(Saved entries)
--*--
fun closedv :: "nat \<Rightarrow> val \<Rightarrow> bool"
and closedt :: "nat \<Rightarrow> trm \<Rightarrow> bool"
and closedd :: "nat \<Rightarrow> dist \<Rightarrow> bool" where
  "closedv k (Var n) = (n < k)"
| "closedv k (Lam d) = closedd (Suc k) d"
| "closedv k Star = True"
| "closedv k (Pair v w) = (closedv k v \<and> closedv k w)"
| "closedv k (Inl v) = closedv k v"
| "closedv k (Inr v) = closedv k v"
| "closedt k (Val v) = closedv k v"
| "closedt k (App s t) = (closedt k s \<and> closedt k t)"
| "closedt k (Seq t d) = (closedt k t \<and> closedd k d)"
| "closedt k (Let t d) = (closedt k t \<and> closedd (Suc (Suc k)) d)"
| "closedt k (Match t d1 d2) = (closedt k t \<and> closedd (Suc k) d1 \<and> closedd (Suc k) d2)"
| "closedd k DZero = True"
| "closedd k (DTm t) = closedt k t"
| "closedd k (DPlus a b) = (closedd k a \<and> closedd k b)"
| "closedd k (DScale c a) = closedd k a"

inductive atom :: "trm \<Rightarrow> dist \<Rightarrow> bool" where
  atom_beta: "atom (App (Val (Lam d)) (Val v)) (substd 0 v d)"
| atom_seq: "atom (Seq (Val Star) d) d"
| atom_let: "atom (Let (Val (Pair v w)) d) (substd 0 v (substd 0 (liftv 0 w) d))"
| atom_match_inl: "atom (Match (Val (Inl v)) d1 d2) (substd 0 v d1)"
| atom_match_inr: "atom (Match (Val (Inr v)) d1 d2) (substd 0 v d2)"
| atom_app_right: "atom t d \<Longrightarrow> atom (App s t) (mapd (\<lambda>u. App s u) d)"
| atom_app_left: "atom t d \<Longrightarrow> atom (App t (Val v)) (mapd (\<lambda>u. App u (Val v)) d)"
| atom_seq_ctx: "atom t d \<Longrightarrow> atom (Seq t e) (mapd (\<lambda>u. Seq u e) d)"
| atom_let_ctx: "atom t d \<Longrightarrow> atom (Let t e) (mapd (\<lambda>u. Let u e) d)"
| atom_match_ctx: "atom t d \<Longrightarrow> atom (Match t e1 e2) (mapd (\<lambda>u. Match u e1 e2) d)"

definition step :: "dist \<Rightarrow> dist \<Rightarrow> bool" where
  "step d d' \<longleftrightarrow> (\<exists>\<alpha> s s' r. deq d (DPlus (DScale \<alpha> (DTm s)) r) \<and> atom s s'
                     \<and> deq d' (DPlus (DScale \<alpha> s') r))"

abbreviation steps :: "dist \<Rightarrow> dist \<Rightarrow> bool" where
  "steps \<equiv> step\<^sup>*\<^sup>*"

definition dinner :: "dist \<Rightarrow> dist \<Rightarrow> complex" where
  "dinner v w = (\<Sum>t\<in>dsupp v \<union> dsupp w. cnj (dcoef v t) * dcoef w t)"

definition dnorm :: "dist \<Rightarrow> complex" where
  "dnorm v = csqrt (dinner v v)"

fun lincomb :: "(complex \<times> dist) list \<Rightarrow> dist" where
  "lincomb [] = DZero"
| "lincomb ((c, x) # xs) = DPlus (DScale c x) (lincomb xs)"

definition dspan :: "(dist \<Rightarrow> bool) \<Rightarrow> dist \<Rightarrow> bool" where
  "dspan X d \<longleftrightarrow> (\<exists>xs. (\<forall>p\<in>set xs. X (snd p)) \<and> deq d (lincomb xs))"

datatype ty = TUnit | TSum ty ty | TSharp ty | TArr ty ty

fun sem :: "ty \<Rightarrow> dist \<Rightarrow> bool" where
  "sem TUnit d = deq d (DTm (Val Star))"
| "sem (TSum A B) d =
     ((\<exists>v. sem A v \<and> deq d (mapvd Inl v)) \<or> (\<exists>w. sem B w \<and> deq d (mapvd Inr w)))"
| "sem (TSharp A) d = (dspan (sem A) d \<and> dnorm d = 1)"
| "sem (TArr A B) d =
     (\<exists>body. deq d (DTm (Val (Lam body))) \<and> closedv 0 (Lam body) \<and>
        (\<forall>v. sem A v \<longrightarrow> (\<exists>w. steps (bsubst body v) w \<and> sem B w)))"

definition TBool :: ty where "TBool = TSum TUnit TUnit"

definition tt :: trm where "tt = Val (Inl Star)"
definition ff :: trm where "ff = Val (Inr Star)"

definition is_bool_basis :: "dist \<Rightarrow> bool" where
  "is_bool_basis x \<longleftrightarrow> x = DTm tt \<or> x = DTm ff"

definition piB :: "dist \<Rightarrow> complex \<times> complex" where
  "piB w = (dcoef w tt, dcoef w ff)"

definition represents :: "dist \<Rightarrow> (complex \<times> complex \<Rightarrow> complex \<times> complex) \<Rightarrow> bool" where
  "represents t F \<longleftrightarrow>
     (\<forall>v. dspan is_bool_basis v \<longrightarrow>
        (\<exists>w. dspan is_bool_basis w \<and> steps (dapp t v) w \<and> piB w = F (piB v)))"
--*--
Task brief | Go through the entries and return each line where the word "longleftrightarrow" appears.

Result for this task |
  "step d d' \<longleftrightarrow> (\<exists>\<alpha> s s' r. deq d (DPlus (DScale \<alpha> (DTm s)) r) \<and> atom s s'
  "dspan X d \<longleftrightarrow> (\<exists>xs. (\<forall>p\<in>set xs. X (snd p)) \<and> deq d (lincomb xs))"
  "is_bool_basis x \<longleftrightarrow> x = DTm tt \<or> x = DTm ff"
  "represents t F \<longleftrightarrow>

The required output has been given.